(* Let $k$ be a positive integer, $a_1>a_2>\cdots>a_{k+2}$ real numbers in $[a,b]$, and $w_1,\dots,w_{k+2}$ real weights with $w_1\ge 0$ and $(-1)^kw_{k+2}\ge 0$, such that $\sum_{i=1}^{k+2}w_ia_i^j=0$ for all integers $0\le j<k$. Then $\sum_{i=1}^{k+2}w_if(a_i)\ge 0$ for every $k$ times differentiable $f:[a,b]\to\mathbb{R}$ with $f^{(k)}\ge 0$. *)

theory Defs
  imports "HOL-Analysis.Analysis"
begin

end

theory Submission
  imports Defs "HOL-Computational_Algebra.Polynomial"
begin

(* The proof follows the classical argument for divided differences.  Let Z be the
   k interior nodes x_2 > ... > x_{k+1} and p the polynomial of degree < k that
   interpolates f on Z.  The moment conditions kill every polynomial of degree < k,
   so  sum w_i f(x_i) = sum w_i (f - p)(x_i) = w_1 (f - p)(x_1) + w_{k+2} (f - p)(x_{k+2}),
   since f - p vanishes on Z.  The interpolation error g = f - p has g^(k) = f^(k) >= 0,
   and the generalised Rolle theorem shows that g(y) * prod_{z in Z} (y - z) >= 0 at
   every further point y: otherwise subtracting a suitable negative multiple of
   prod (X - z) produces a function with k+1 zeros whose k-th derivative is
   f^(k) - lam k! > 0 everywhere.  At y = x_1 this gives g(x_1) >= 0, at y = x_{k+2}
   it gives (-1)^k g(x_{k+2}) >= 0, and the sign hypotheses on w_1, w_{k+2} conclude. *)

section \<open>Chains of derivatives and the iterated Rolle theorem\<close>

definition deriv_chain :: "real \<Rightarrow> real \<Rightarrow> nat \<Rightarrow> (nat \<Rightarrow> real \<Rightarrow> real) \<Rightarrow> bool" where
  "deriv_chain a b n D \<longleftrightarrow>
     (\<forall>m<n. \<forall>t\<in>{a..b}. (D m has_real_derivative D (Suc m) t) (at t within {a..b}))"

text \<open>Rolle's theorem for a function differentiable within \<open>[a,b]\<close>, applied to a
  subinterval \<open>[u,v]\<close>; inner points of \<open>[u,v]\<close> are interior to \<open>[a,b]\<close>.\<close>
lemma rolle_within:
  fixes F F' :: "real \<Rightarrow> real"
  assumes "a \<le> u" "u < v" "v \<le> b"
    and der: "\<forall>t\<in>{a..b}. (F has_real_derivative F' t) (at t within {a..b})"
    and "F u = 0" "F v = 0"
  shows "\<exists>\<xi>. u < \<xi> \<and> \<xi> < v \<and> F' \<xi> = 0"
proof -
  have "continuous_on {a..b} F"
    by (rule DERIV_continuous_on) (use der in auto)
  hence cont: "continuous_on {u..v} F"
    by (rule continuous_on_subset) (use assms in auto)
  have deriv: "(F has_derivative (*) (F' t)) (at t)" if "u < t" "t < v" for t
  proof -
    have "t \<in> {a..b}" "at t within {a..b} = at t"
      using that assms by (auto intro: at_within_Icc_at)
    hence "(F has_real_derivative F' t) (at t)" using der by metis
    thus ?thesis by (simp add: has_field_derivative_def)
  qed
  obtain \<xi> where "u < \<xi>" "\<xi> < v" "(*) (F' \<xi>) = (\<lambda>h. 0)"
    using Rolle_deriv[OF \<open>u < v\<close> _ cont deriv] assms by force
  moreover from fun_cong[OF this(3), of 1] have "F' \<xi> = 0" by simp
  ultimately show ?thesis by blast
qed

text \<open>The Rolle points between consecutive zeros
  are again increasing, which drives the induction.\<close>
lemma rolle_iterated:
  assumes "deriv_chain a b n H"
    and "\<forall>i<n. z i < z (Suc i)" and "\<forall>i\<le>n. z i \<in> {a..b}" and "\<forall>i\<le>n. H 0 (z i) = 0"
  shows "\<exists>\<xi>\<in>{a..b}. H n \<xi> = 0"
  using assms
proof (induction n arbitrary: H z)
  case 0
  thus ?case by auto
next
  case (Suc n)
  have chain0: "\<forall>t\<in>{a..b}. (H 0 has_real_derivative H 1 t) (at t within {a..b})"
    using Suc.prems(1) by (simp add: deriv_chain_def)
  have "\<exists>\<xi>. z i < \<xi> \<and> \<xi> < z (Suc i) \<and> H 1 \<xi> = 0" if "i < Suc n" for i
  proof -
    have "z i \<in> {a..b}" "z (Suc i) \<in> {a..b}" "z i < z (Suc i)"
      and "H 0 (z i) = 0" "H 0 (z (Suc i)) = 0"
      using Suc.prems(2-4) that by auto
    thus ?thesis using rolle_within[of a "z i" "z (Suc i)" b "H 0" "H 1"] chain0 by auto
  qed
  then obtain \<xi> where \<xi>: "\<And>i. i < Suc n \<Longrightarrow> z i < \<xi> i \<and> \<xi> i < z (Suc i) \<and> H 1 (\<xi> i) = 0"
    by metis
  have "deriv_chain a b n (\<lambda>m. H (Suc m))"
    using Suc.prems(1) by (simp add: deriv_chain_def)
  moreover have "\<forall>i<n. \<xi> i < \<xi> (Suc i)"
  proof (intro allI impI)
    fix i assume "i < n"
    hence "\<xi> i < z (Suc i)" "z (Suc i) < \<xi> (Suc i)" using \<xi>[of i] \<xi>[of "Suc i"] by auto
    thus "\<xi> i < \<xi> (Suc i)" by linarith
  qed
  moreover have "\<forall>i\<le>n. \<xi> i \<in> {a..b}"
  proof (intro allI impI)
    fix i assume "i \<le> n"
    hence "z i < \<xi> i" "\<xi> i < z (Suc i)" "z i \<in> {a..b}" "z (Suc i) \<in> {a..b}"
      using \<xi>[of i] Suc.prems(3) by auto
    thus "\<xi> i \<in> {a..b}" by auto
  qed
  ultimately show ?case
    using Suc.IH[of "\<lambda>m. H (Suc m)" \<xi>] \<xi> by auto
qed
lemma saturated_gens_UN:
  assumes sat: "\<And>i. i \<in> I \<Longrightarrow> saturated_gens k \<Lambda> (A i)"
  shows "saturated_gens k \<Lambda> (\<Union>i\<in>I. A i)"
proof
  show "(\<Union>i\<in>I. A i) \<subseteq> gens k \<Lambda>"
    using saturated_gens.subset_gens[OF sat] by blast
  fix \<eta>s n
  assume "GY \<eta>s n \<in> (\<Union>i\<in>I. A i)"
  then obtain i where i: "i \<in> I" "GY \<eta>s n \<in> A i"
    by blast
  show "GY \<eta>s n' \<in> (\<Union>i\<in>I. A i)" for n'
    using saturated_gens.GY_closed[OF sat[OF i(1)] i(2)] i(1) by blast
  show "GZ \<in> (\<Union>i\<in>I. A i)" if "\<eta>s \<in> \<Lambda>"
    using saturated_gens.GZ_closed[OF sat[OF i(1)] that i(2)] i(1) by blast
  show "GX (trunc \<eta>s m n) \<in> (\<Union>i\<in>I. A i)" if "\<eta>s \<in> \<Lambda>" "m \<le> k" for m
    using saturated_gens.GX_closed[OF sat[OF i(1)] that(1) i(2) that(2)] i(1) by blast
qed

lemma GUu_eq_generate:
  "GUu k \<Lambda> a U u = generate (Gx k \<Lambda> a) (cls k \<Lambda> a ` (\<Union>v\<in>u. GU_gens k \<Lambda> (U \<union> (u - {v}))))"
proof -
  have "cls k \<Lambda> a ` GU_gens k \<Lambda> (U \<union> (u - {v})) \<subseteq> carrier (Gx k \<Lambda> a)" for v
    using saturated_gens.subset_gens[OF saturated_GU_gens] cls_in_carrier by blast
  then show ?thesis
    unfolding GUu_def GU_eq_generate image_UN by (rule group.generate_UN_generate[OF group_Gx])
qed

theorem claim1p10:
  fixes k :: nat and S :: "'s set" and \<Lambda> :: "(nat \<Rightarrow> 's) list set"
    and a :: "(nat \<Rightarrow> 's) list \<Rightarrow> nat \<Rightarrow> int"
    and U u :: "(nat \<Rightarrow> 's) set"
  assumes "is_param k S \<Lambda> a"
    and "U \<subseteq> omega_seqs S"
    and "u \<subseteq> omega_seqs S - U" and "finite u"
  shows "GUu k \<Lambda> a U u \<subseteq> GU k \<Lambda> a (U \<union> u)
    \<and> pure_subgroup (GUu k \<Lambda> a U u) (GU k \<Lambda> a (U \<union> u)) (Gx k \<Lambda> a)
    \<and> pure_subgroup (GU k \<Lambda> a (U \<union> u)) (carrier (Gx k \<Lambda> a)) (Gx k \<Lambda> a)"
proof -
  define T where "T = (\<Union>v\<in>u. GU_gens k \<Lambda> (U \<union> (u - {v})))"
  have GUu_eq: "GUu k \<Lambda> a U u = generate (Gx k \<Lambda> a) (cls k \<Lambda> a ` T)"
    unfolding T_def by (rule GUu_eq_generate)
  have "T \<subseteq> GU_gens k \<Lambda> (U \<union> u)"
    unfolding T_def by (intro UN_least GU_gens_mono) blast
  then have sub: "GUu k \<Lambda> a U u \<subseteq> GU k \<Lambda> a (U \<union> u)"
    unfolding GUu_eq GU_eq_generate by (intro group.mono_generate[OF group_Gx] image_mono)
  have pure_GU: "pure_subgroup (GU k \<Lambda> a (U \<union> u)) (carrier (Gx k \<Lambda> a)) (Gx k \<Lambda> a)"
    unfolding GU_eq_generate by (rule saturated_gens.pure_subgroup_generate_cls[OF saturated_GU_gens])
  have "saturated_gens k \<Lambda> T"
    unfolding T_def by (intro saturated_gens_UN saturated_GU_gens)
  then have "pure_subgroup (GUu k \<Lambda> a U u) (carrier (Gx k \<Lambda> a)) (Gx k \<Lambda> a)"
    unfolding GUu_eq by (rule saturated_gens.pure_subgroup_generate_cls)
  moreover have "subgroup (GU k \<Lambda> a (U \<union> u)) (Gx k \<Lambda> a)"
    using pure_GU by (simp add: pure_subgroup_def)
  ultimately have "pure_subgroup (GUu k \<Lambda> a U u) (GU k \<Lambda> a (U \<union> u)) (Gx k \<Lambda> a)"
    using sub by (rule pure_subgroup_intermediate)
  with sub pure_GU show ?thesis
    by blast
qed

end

### Assignment
Find and show each line of the listing with the word "induction".

### Reply
  are again increasing, which drives the induction.\<close>
proof (induction n arbitrary: H z)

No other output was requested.